Mark CuthbertsonIn the 1970’s, 421-a was created to stimulate housing development at a time when residential construction rates were dropping in New York City. In exchange for constructing new housing, the city agreed to make owners exempt from paying the increase in property taxes that resulted from the new construction for anywhere from 10-25 years.

Once the 1980’s came around, housing had rebounded a bit, so the city created an “exclusion zone” in Manhattan, roughly between 14th Street and 96th Street. In the “exclusion zone”, developers can only qualify for the tax exemption if they include affordable units either on-site (by designating a percentage of the units as low-income units) or off-site (by purchasing “negotiable certificates” from developers building low-income housing elsewhere in the city.) In 2005, the exclusion zone was extended to cover the Greenpoint-Williamsburg waterfront.

The program has been somewhat of a failure at providing substantial affordable housing. In 2003, the Independent Budget Office conducted a study of the program and found that from 1985 – 2002, only 7% (4,905) of the 69,000 units subsidized through the 421-a program were affordable to low or moderate income families. They also calculated that the average lifetime cost to the city of each unit ranged from $19,400 for a 15-year exemption to $91,455 for a 20-year exemption. Last year, 421-a was responsible for more than $1.1 billion in forgone tax revenue.

This June, the tax exemption program was up for renewal, but not without controversy. A hot debate between politicians, developers, and affordable housing advocates has been at the center of discussions on reform. Affordable housing advocates have long argued that revenue should be collected and used to pay for low-income housing, while developers continue to insist fewer buildings will be constructed without the tax break.

State Legislature voted, and they decided to require developers to build more affordable units (between 25 percent and 30 percent of units) and eliminate exemptions based on location. In exchange, the break was extended to 35 years, up from the 25 year maximum currently. Developers will be given three options tailored to different types of housing markets. There is also a new ban on most condos and co-ops from receiving the tax break, with some exceptions that are meant to protect small, reasonably-priced projects in the outer boroughs.

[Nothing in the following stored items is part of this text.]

(* Let $\beta\in(0,1)$. There exists a constant $C_0>0$ (depending on $\beta$) such that for every $\gamma\in(\beta,2-\beta)$ and every $\epsilon\in(0,\frac12]$, \[ \inf_{M_\gamma}E^\gamma_\epsilon\le\frac{\pi\gamma^2}{2\log\frac1\delta}+\frac{C_0}{(\log\frac1\delta)^2},\qquad\delta=\epsilon\log\frac1\epsilon. \]
   Context: $B_1^+(0)=B_1(0)\cap\mathbb{R}^2_+$, $\partial^+B_1(0)=\partial B_1(0)\cap\mathbb{R}^2_+$. $M_\gamma=\{\mu\in W^{1,2}(-1,1):\mu(0)=1,\ \mu(\pm1)\le1-\gamma\}$. For $\mu\in M_\gamma$, $W^{1,2}_\mu(B_1^+(0))$ is the set of $w\in W^{1,2}(B_1^+(0))$ with $w(x_1,0)=\mu(x_1)$ on $(-1,1)$ and $w\le1-\gamma$ on $\partial^+B_1(0)$. $E^\gamma_\epsilon(\mu)=\frac\epsilon2\int_{-1}^1\frac{(\mu')^2}{1-\mu^2}dx_1+\frac12\inf_{w\in W^{1,2}_\mu(B_1^+(0))}\int_{B_1^+(0)}|\nabla w|^2dx$. *)

theory Defs
  imports "HOL-Analysis.Analysis"
begin

definition half_disk :: "(real \<times> real) set" where
  "half_disk = {(x, y). x\<^sup>2 + y\<^sup>2 < 1 \<and> 0 < y}"

definition half_circle :: "(real \<times> real) set" where
  "half_circle = {(x, y). x\<^sup>2 + y\<^sup>2 = 1 \<and> 0 < y}"

text \<open>W^{1,2}(-1,1): mu is (on [-1,1]) an indefinite integral of some g in L^2(-1,1);
  g is then the (a.e. unique) derivative mu'.\<close>
definition W12_interval :: "(real \<Rightarrow> real) \<Rightarrow> (real \<Rightarrow> real) \<Rightarrow> bool" where
  "W12_interval \<mu> g \<longleftrightarrow>
     g \<in> borel_measurable lborel \<and>
     set_integrable lborel {-1..1} g \<and>
     set_integrable lborel {-1..1} (\<lambda>x. (g x)\<^sup>2) \<and>
     (\<forall>x\<in>{-1..1}. \<mu> x = \<mu> (-1) + (LBINT t=-1..x. g t))"

text \<open>M_gamma (with the standing constraint |mu| <= 1, mu being a component of a unit vector).\<close>
definition M_gamma :: "real \<Rightarrow> (real \<Rightarrow> real) set" where
  "M_gamma \<gamma> = {\<mu>. (\<exists>g. W12_interval \<mu> g) \<and> \<mu> 0 = 1 \<and>
       \<mu> (-1) \<le> 1 - \<gamma> \<and> \<mu> 1 \<le> 1 - \<gamma> \<and> (\<forall>x\<in>{-1..1}. \<bar>\<mu> x\<bar> \<le> 1)}"

definition test_fun :: "(real \<times> real) set \<Rightarrow> (real \<times> real \<Rightarrow> real)
      \<Rightarrow> (real \<times> real \<Rightarrow> real) \<Rightarrow> (real \<times> real \<Rightarrow> real) \<Rightarrow> bool" where
  "test_fun U \<phi> p1 p2 \<longleftrightarrow>
     continuous_on UNIV p1 \<and> continuous_on UNIV p2 \<and>
     (\<forall>z. (\<phi> has_derivative (\<lambda>h. p1 z * fst h + p2 z * snd h)) (at z)) \<and>
     (\<exists>K. compact K \<and> K \<subseteq> U \<and> (\<forall>z. z \<notin> K \<longrightarrow> \<phi> z = 0))"

definition W12_2d :: "(real \<times> real) set \<Rightarrow> (real \<times> real \<Rightarrow> real)
      \<Rightarrow> (real \<times> real \<Rightarrow> real) \<Rightarrow> (real \<times> real \<Rightarrow> real) \<Rightarrow> bool" where
  "W12_2d U w G1 G2 \<longleftrightarrow>
     w \<in> borel_measurable lebesgue \<and> G1 \<in> borel_measurable lebesgue \<and>
     G2 \<in> borel_measurable lebesgue \<and>
     set_integrable lebesgue U (\<lambda>z. (w z)\<^sup>2) \<and>
     set_integrable lebesgue U (\<lambda>z. (G1 z)\<^sup>2) \<and>
     set_integrable lebesgue U (\<lambda>z. (G2 z)\<^sup>2) \<and>
     (\<forall>\<phi> p1 p2. test_fun U \<phi> p1 p2 \<longrightarrow>
        (LINT z:U|lebesgue. w z * p1 z) = - (LINT z:U|lebesgue. G1 z * \<phi> z) \<and>
        (LINT z:U|lebesgue. w z * p2 z) = - (LINT z:U|lebesgue. G2 z * \<phi> z))"

text \<open>W^{1,2}_mu(B_1^+): trace mu on the flat part, trace <= 1-gamma on the arc.  Traces are
  expressed through limits along vertical (resp. radial) segments, valid for a.e. line.\<close>
definition W12_mu :: "real \<Rightarrow> (real \<Rightarrow> real)
      \<Rightarrow> ((real \<times> real \<Rightarrow> real) \<times> (real \<times> real \<Rightarrow> real) \<times> (real \<times> real \<Rightarrow> real)) set" where
  "W12_mu \<gamma> \<mu> = {(w, G1, G2). W12_2d half_disk w G1 G2 \<and>
     (AE x in lborel. x \<in> {-1<..<1} \<longrightarrow>
        ((\<lambda>t. w (x, t)) \<longlongrightarrow> \<mu> x) (at_right 0)) \<and>
     (AE \<theta> in lborel. \<theta> \<in> {0<..<pi} \<longrightarrow>
        (\<exists>L. ((\<lambda>r. w (r * cos \<theta>, r * sin \<theta>)) \<longlongrightarrow> L) (at_left 1) \<and> L \<le> 1 - \<gamma>))}"

definition energy :: "real \<Rightarrow> real \<Rightarrow> (real \<Rightarrow> real) \<Rightarrow> ennreal" where
  "energy \<gamma> \<epsilon> \<mu> =
     ennreal (\<epsilon> / 2) *
       (INF g\<in>{g. W12_interval \<mu> g}.
          \<integral>\<^sup>+ x\<in>{-1<..<1}. ennreal ((g x)\<^sup>2 / (1 - (\<mu> x)\<^sup>2)) \<partial>lborel)
     + ennreal (1 / 2) *
       (INF (w, G1, G2)\<in>W12_mu \<gamma> \<mu>.
          \<integral>\<^sup>+ z\<in>half_disk. ennreal ((G1 z)\<^sup>2 + (G2 z)\<^sup>2) \<partial>lebesgue)"

end

theory Submission
  imports Defs
begin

The De Blasio administration was the main driver for reform. Aides to the mayor said the changes to 421-a are expected to result in the creation of 24,000 affordable housing units over the next decade. The existing program, they estimated, would only have resulted in about 12,000 new units. The reformed program will also reach lower incomes than the existing program, with affordability requirements down to $31,000 per year.

The fate of these changes are now in the hands of two special interests groups: The Real Estate Board of New York, representing the city’s biggest developers, and the Building and Construction Trades Council of Greater New York, representing various construction unions. One important stipulation of the reform is that leaders from both organizations must sign a “memorandum of understanding” by the end of the year, or they risk losing the program altogether.

The current 421-a program has been extended until Jan. 15, 2016. Changes will not apply to projects that start construction before January. The measure also grandfathers in any projects that complete 421-a applications before the end of the year.